E aqui lembro que já me questionaram porque os poetas e escritores se “inspiram” em “coisas” como os loucos, drogados e mazelas da cidade ao invés de se importarem com a juventude “top” e belezas da city. O fato já teve de chegar ao ponto da exigência e do narcisismo: “Por que não fazer uma poesia pra mim? Eu mereço.” Sinceramente eu não sei responder e talvez nem convencesse o leitor se tentar fazê-lo.

Mas digo que a literatura tem dessas coisas. Vai surgindo, tomando corpo e de repente se realiza. Mas também, nada vem do nada. Tudo há de ser fecundado. E esta crônica o foi, naturalmente, pelo próprio Jeová. Como assim? Ele chegou ali pelo “Fim da Tarde”, restaurante da Maria, ao pé da ponte metálica. Como se sabe, a cerquinha verde-amarela é um prático aviso de que ali mala não deve entrar, mas Jeová não se vê como um mala. Em sua própria lei, tem passagem livre, entra e sai, canta e disfarça a pedir os fregueses. Sai e volta quando quer.

Naquela tarde eu almoçava ali com minha família. Aguardávamos famintos. Ele foi chegando e de longe foi logo se derretendo de simpatia ao meu filho:

—Ramiiiiro, tu tá grandão, muleque. Eu te vi desse tamainho, brother! Olávia, garota, taí só no “selfie”, hein! —E se achegando mais próximo de mim, foi dizendo meio baixo:

—‘fessor’, eu encabulado com o sinhô, viu? Nunca mais me botou numa poesia sua. Ri disso. Ele se referia à crônica “No restaurante do povo”, publicada meses atrás e de cujo jornal ele me fez dar-lhe um exemplar, esbanjando enorme satisfação aos seus afetos. Mas logo ele ataca baixinho, com uma breve olhadela aos donos do bar:

—‘fessor, dá aí dois real p’a mim interar...

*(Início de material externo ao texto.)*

lemma idempotent_Epos: "Epos ** Epos = Epos" and idempotent_Eneg: "Eneg ** Eneg = Eneg"
  by (simp_all add: Epos_def Eneg_def diag_mat_mult_diag_mat if_distrib cong: if_cong)

lemma symmetric_Epos: "transpose Epos = Epos" and symmetric_Eneg: "transpose Eneg = Eneg"
  by (simp_all add: Epos_def Eneg_def)

lemma diag_mat_commute_Epos: "diag_mat l ** Epos = Epos ** diag_mat l"
  and diag_mat_commute_Eneg: "diag_mat l ** Eneg = Eneg ** diag_mat l"
  by (simp_all add: Epos_def Eneg_def diag_mat_mult_diag_mat mult.commute)

lemma symmetric_Pc: "transpose Pc = Pc" and idempotent_Pc: "Pc ** Pc = Pc"
  by (simp_all add: Pc_def transpose_diff symmetric_Pr matrix_diff_ldistrib matrix_diff_rdistrib
      idempotent_Pr)

lemma Pr_nth_commute: "Pr $ i $ j = Pr $ j $ i"
  using symmetric_Pr by (metis transpose_def vec_lambda_beta)

lemma norm_Eneg_mult_le: "norm (Eneg ** M) \<le> norm M"
  and norm_Epos_mult_le: "norm (Epos ** M) \<le> norm M"
  by (simp_all add: norm_le_entrywise Epos_def Eneg_def)

lemma norm_Eneg_Pr_le: "\<delta> / 2 * norm (Eneg ** Pr) \<le> norm H"
proof -
  have "\<delta> / 2 * norm (Eneg ** Pr) \<le> norm (Eneg ** Pr ** (diag_mat l + H) - diag_mat l ** (Eneg ** Pr))"
  proof (rule sylvester_lower_bound[OF symmetric_Pr _ _ positive_on_range])
    show "Eneg ** Pr = Eneg ** Pr ** Pr" by (simp add: matrix_mul_assoc[symmetric] idempotent_Pr)
    show "transpose (diag_mat l + H) = diag_mat l + H" by (simp add: transpose_add symmetric_H)
  next
    fix i assume "(Eneg ** Pr) $ i \<noteq> 0"
    then show "l i \<le> 0" by (auto simp: Eneg_def vec_eq_iff split: if_splits)
  qed (use gap_pos in simp_all)
  also have "Eneg ** Pr ** (diag_mat l + H) - diag_mat l ** (Eneg ** Pr) = Eneg ** (H ** Pr)"
    by (simp add: matrix_mul_assoc[symmetric] flip: commute)
      (simp add: matrix_mul_assoc diag_mat_commute_Eneg matrix_add_ldistrib matrix_add_rdistrib)
  also have "norm (Eneg ** (H ** Pr)) \<le> norm H"
    using norm_mult_projection_le[OF symmetric_Pr idempotent_Pr, of H] norm_Eneg_mult_le
    by (metis matrix_mul_assoc order_trans)
  finally show ?thesis .
qed

lemma commute_Pc: "(diag_mat l + H) ** Pc = Pc ** (diag_mat l + H)"
  by (simp add: Pc_def matrix_diff_ldistrib matrix_diff_rdistrib commute)

lemma norm_Epos_Pc_le: "\<delta> / 2 * norm (Epos ** Pc) \<le> norm H"
proof -
  have "\<delta> / 2 * norm (Epos ** Pc)
      \<le> norm (Epos ** Pc ** (- (diag_mat l + H)) - diag_mat (\<lambda>i. - l i) ** (Epos ** Pc))"
  proof (rule sylvester_lower_bound[OF symmetric_Pc])
    show "Epos ** Pc = Epos ** Pc ** Pc" by (simp add: matrix_mul_assoc[symmetric] idempotent_Pc)
    show "transpose (- (diag_mat l + H)) = - (diag_mat l + H)"
      by (simp only: transpose_minus transpose_add symmetric_H transpose_diag_mat)
  next
    fix w assume "Pc *v w = w"
    then show "\<delta> / 2 * (norm w)\<^sup>2 \<le> inner w (- (diag_mat l + H) *v w)"
      using negative_on_kernel by (simp add: Pc_def)
  next
    fix i assume "(Epos ** Pc) $ i \<noteq> 0"
    then show "- l i \<le> 0" by (auto simp: Epos_def vec_eq_iff split: if_splits)
  qed (use gap_pos in simp)
  also have "Epos ** Pc ** (- (diag_mat l + H)) - diag_mat (\<lambda>i. - l i) ** (Epos ** Pc)
      = - (Epos ** (H ** Pc))"
  proof -
    have "Epos ** Pc ** (- (diag_mat l + H)) = - (Epos ** ((diag_mat l + H) ** Pc))"
      by (simp only: matrix_neg_rdistrib matrix_mul_assoc commute_Pc)
    also have "\<dots> = - (Epos ** diag_mat l ** Pc) - Epos ** (H ** Pc)"
      by (simp add: matrix_add_rdistrib matrix_add_ldistrib matrix_mul_assoc)
    moreover have "diag_mat (\<lambda>i. - l i) ** (Epos ** Pc) = - (Epos ** diag_mat l ** Pc)"
    proof -
      have "diag_mat (\<lambda>i. - l i) = - diag_mat l" by (vector diag_mat_def)
      then show ?thesis by (simp add: matrix_neg_ldistrib matrix_mul_assoc diag_mat_commute_Epos)
    qed
    ultimately show ?thesis by simp
  qed
  also have "norm (- (Epos ** (H ** Pc))) \<le> norm H"
    using norm_mult_projection_le[OF symmetric_Pc idempotent_Pc, of H] norm_Epos_mult_le
    by (metis norm_minus_cancel matrix_mul_assoc order_trans)
  finally show ?thesis .
qed

definition Pr_off :: "real^'n^'n" where "Pr_off = Eneg ** Pr ** Epos"
definition Pr_neg :: "real^'n^'n" where "Pr_neg = Eneg ** Pr ** Eneg"
definition Pc_pos :: "real^'n^'n" where "Pc_pos = Epos ** Pc ** Epos"

lemma Pr_off_nth: "Pr_off $ i $ j = (if l i < 0 \<and> 0 < l j then Pr $ i $ j else 0)"
  by (simp add: Pr_off_def Eneg_def Epos_def)

lemma Pr_neg_nth: "Pr_neg $ i $ j = (if l i < 0 \<and> l j < 0 then Pr $ i $ j else 0)"
  by (simp add: Pr_neg_def Eneg_def)

lemma Pc_pos_nth:
  "Pc_pos $ i $ j = (if 0 < l i \<and> 0 < l j then (if i = j then 1 else 0) - Pr $ i $ j else 0)"
  by (simp add: Pc_pos_def Epos_def Pc_def mat_def)

lemma le_eighth_if_half_gap_le_norm_H:
  assumes "\<delta> / 2 * x \<le> norm H"
  shows "x \<le> 1 / 8"
proof -
  have "\<delta> * (8 * x) \<le> \<delta> * 1" using assms small_H by linarith
  then show ?thesis using gap_pos by simp
qed

lemma norm_Pr_off_le: "\<delta> / 2 * norm Pr_off \<le> norm H"
proof -
  have "norm Pr_off \<le> norm (Eneg ** Pr)"
    by (rule norm_le_entrywise) (simp add: Pr_off_nth Eneg_def)
  then have "\<delta> / 2 * norm Pr_off \<le> \<delta> / 2 * norm (Eneg ** Pr)"
    using gap_pos by (simp add: mult_left_mono)
  then show ?thesis using norm_Eneg_Pr_le by linarith
qed

lemma norm_Pr_off_le_eighth: "norm Pr_off \<le> 1 / 8"
  by (rule le_eighth_if_half_gap_le_norm_H[OF norm_Pr_off_le])

lemma norm_Pr_neg_le: "norm Pr_neg \<le> 2 * (norm Pr_off)\<^sup>2"
proof (rule le_two_sq_if_le_sq_add_sq)
  show "norm Pr_neg \<le> (norm Pr_off)\<^sup>2 + (norm Pr_neg)\<^sup>2"
    unfolding Pr_neg_def Pr_off_def
    by (rule projection_diagonal_block_le[OF Eneg_add_Epos idempotent_Eneg idempotent_Epos
          symmetric_Eneg symmetric_Epos symmetric_Pr idempotent_Pr])
  have "norm Pr_neg \<le> norm (Eneg ** Pr)"
    by (rule norm_le_entrywise) (simp add: Pr_neg_nth Eneg_def)
  then show "norm Pr_neg \<le> 1 / 2"
    using le_eighth_if_half_gap_le_norm_H[OF norm_Eneg_Pr_le] by simp
qed

lemma norm_Pc_pos_le: "norm Pc_pos \<le> 2 * (norm Pr_off)\<^sup>2"
proof (rule le_two_sq_if_le_sq_add_sq)
  have "Epos + Eneg = mat 1" using Eneg_add_Epos by (simp add: add.commute)
  then have "norm Pc_pos \<le> (norm (Epos ** Pc ** Eneg))\<^sup>2 + (norm Pc_pos)\<^sup>2"
    unfolding Pc_pos_def
    by (rule projection_diagonal_block_le[OF _ idempotent_Epos idempotent_Eneg
          symmetric_Epos symmetric_Eneg symmetric_Pc idempotent_Pc])
  moreover have "norm (Epos ** Pc ** Eneg) \<le> norm (transpose Pr_off)"
    by (rule norm_le_entrywise)
      (auto simp: Epos_def Eneg_def Pc_def mat_def transpose_def Pr_off_nth Pr_nth_commute)
  ultimately show "norm Pc_pos \<le> (norm Pr_off)\<^sup>2 + (norm Pc_pos)\<^sup>2"
    by (smt (verit) norm_ge_zero norm_transpose_matrix power_mono)
  have "norm Pc_pos \<le> norm (Epos ** Pc)"
    by (rule norm_le_entrywise) (simp add: Pc_pos_def Epos_def)
  then show "norm Pc_pos \<le> 1 / 2"
    using le_eighth_if_half_gap_le_norm_H[OF norm_Epos_Pc_le] by simp
qed

definition Dt :: "real^'n^'n" where "Dt = Pr - Epos"
definition R :: "real^'n^'n" where "R = Dt ** H - H ** Dt"

lemma norm_Dt_le: "norm Dt \<le> 3 * norm Pr_off"
proof -
  have "norm Dt \<le> 1 * (\<Sum>B\<leftarrow>[Pc_pos, Pr_neg, Pr_off, transpose Pr_off]. norm B)"
  proof (rule norm_le_entrywise_sum_list)
    fix i j
    have "Dt $ i $ j = Pr $ i $ j - (if i = j \<and> 0 < l i then 1 else 0)"
      by (simp add: Dt_def Epos_def diag_mat_def)
    then show "\<bar>Dt $ i $ j\<bar> \<le> 1 * (\<Sum>B\<leftarrow>[Pc_pos, Pr_neg, Pr_off, transpose Pr_off]. \<bar>B $ i $ j\<bar>)"
      by (cases rule: sign_cases[of i j])
        (auto simp: Pc_pos_nth Pr_neg_nth Pr_off_nth transpose_def Pr_nth_commute[of i j]
          abs_minus_commute)
  qed simp
  then have "norm Dt \<le> norm Pc_pos + norm Pr_neg + 2 * norm Pr_off"
    by (simp add: norm_transpose_matrix)
  moreover have "norm Pr_off * norm Pr_off \<le> norm Pr_off * (1 / 8)"
    by (intro mult_left_mono norm_Pr_off_le_eighth) simp
  ultimately show ?thesis
    using norm_Pc_pos_le norm_Pr_neg_le norm_ge_zero[of Pr_off] unfolding power2_eq_square
    by linarith
qed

—Tem trocado não, Jeová. Da próxima vez.

E ele jogando três moedas de um real sobre a mesa:

—Toma aí o troco. Dá aí cinco conto.

Sorrimos. Ele também. Marinalva deu-lhe os cinco reais e recolheu o troco. Num instante, o preto evaporou-se como um gás. Carreirinha... Carreirinha... Voz largada... Sorriso banguelo, todo feliz...

—Isso dá uma crônica — disse eu ainda vendo o Beiçola ir-se rua afora...

*Heterônimo de Costa Filho, da Academia Bacabalense de Letras. (Crônica publicada na edição impressa do jornal O Mearim, jan/2015).